Looking through the window there is a hogback tomb. Next time I come I will get inside. Caroline Wickham-Jones book tells me it was dug up in a corner of the graveyard so must date to the earlier church. It is made of red sandstone and dates to the late C11 or early C12.  The Orkenyinga Saga says Skaill was the home of which  Thorkell Fostri, foster-father of Earl Thorfinn.

We continued north up the minor road to the small car park by the RSPB centre, and I had a couple of miles walk to the Gloup and along the cliffs to the Brough of Deerness (HY 597089).

Excavations took place here in the mid-70s, revealing postholes and grooves indicating the lines of the walls of a C10 chapel and wooden altar, possible of pre-Norse origin – it is the Picts who pre-dated the Norse. Rendall (page 28) suggests it shows that Christianity was being practised in Orkney before Sigurd’s conversion in 995. Is it possible that Thorkel founded it, just down the cliffs from his Hall? – I see parallels with Bamburgh and Lindisfarne.   There is an illustration of it (also Rendall, page 28) – vertical planks, the walls clad in stone.
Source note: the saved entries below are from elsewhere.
(* Let $c$ be constant. Then for all integers $a\ge b\ge0$, $$F(z^a\bar z^b)=(mc-a)b\,z^{a-1}\bar z^{b-1}-mc\sum_{1\le k\le(a-b)/m}(-1)^{mk}(a-b-mk)\,z^{a-mk-1}\bar z^{b+mk-1}.$$
   Context: Let $m\ge2$, $\zeta=e^{2\pi i/m}$, and let $z,\bar z$ be independent variables. For $j=0,\dots,m-1$ let $s_j$ be the algebra automorphism of $\mathbb C[z,\bar z]$ with $s_j(z)=-\zeta^j\bar z$, $s_j(\bar z)=-\zeta^{-j}z$. For a constant $c\in\mathbb C$ define Dunkl operators $Y(q)=\frac{\partial q}{\partial z}-c\sum_{j=0}^{m-1}\frac{q-s_j(q)}{z+\zeta^j\bar z}$ and $\bar Y(q)=\frac{\partial q}{\partial\bar z}-c\sum_{j=0}^{m-1}\frac{q-s_j(q)}{\bar z+\zeta^{-j}z}$ (they commute), and $F=-Y\bar Y$. (A term with a negative exponent has coefficient zero.) *)

theory Defs
  imports Complex_Main "HOL-Computational_Algebra.Polynomial"
begin

text \<open>Bivariate polynomials C[z, zb] are modelled as nested polynomials
  complex poly poly: the outer variable is zb, coefficients are polynomials in z.\<close>

type_synonym bipoly = "complex poly poly"

definition Zv :: bipoly where "Zv = [:[:0, 1:]:]"
definition Zbv :: bipoly where "Zbv = [:0, 1:]"
definition cst :: "complex \<Rightarrow> bipoly" where "cst x = [:[:x:]:]"

definition eval2 :: "bipoly \<Rightarrow> bipoly \<Rightarrow> bipoly \<Rightarrow> bipoly" where
  "eval2 q X Y = poly (map_poly (\<lambda>p. poly (map_poly cst p) X) q) Y"

definition dz :: "bipoly \<Rightarrow> bipoly" where "dz q = map_poly pderiv q"
definition dzb :: "bipoly \<Rightarrow> bipoly" where "dzb q = pderiv q"

definition zeta :: "nat \<Rightarrow> complex" where "zeta m = cis (2 * pi / real m)"

definition refl_s :: "nat \<Rightarrow> nat \<Rightarrow> bipoly \<Rightarrow> bipoly" where
  "refl_s m j q = eval2 q (cst (- (zeta m ^ j)) * Zbv) (cst (- (inverse (zeta m) ^ j)) * Zv)"

definition dunklY :: "nat \<Rightarrow> complex \<Rightarrow> bipoly \<Rightarrow> bipoly" where
  "dunklY m c q = dz q - cst c * (\<Sum>j<m. (q - refl_s m j q) div (Zv + cst (zeta m ^ j) * Zbv))"

definition dunklYb :: "nat \<Rightarrow> complex \<Rightarrow> bipoly \<Rightarrow> bipoly" where
  "dunklYb m c q = dzb q - cst c * (\<Sum>j<m. (q - refl_s m j q) div (Zbv + cst (inverse (zeta m) ^ j) * Zv))"

definition dunklF :: "nat \<Rightarrow> complex \<Rightarrow> bipoly \<Rightarrow> bipoly" where
  "dunklF m c q = - dunklY m c (dunklYb m c q)"

end

theory Submission
  imports Defs
begin

text \<open>Write D_j = z + zeta^j zb for the mirror form of s_j. For every j,
  z^m - (-zb)^m = D_j E_j with E_j = sum_i z^(m-1-i) (-zeta^j zb)^i, so multiplying the
  Dunkl operators by this common polynomial turns their divided differences (q - s_j q) / D_j
  into sum_j zeta^(j e) E_j (q - s_j q), with e = 0 for Y and e = 1 for Ybar. On a monomial,
  orthogonality of the characters j -> zeta^(j k) leaves only two terms of this sum, and
  dividing the resulting binomial by z^m - (-zb)^m is a geometric series. This gives
  Ybar (z^a zb^b) = b z^a zb^(b-1) + c m P with an alternating sum P of monomials, and
  Y (z^a zb^(b-1)) as a similar sum over k <= N = (a - b) div m. The divided differences of Y
  annihilate P, because the binomials produced by the k-th and the (N+1-k)-th terms of P
  cancel.\<close>

lemma cst_0 [simp]: "cst 0 = 0"
  by (simp add: cst_def)

lemma cst_1 [simp]: "cst 1 = 1"
  by (simp add: cst_def one_pCons)

lemma cst_add: "cst (x + y) = cst x + cst y"
  by (simp add: cst_def)

lemma cst_mult: "cst (x * y) = cst x * cst y"
  by (simp add: cst_def)

lemma cst_uminus: "cst (- x) = - cst x"
  by (simp add: cst_def)

lemma cst_diff: "cst (x - y) = cst x - cst y"
  by (simp add: cst_def)

lemma cst_power: "cst (x ^ n) = cst x ^ n"
  by (induct n) (simp_all add: cst_mult)

lemma cst_sum: "cst (sum f A) = (\<Sum>a\<in>A. cst (f a))"
  by (induct A rule: infinite_finite_induct) (simp_all add: cst_add)

lemma cst_mult_eq_smult: "cst g * q = smult [:g:] q"
  by (simp add: cst_def)

definition bimonom :: "complex \<Rightarrow> nat \<Rightarrow> nat \<Rightarrow> bipoly" where
  "bimonom g a b = cst g * Zv ^ a * Zbv ^ b"

lemma bimonom_eq_monom: "bimonom g a b = monom (monom g a) b"
proof -
  have "Zv ^ a = [:monom 1 a:]"
    unfolding Zv_def by (induct a) (simp_all add: monom_Suc mult.commute)
  moreover have "Zbv ^ b = monom 1 b"
    unfolding Zbv_def by (simp add: monom_altdef)
  ultimately show ?thesis
    by (simp add: bimonom_def cst_def smult_monom monom_altdef)
qed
You can imagine (and several books talk about) a community of monks, perhaps just a few of them, living an austere life high above the ocean – I do not expect it is always as beautiful as it is this evening. Life was tough – the graves of two infants, dating to this period, were found, buried in the Christian manner. However, there is no burial ground for elderly monks and Wickham-Jones writes that “recent excavations indicate that it was purely a secular, defended settlement” (page 135). The chapel then fell into disuse for a long period when Orkney was inhabited by what the display board describes as “the pagan early Norse.” An Anglo-Saxon coin struck during the reign of Eadgar (959-975) was found.

The chapel was then re-founded in the C11 or C12 once the Norse conversion to Christianity had occurred, and the chapel was rebuilt in stone, with a low perimeter wall. (Apparently the walls stood to about 4 feet high, until the Navy used it for target practice in WW1. Apparently one lot of C20 scholars thought the depressions nearby were the remains of Celtic beehive huts, only to be told they were shell holes). There is a stone altar, and the enclosure was used for burials.  (Again, an illustration Rendall, page 48, shows this). It continued in use into the C16, with some improvements (like a flagstone floor) being installed, but was then abandoned. Pilgrims continued to visit through to the C19, sometimes climbing the steps on their knees – I didn’t take a photo of the steps, I was too busy hanging on. The pilgrims (and the Kirk did not encourage pilgrimage) often left votive offerings – 38 coins dating from 1642 to 1860 were excavated. Was I a walker or a pilgrim, and were the young couple who followed me (he is the one taking the photo, she is in the chapel) walkers, pilgrims, or lovers (O to be young again!). It was a wonderful evening.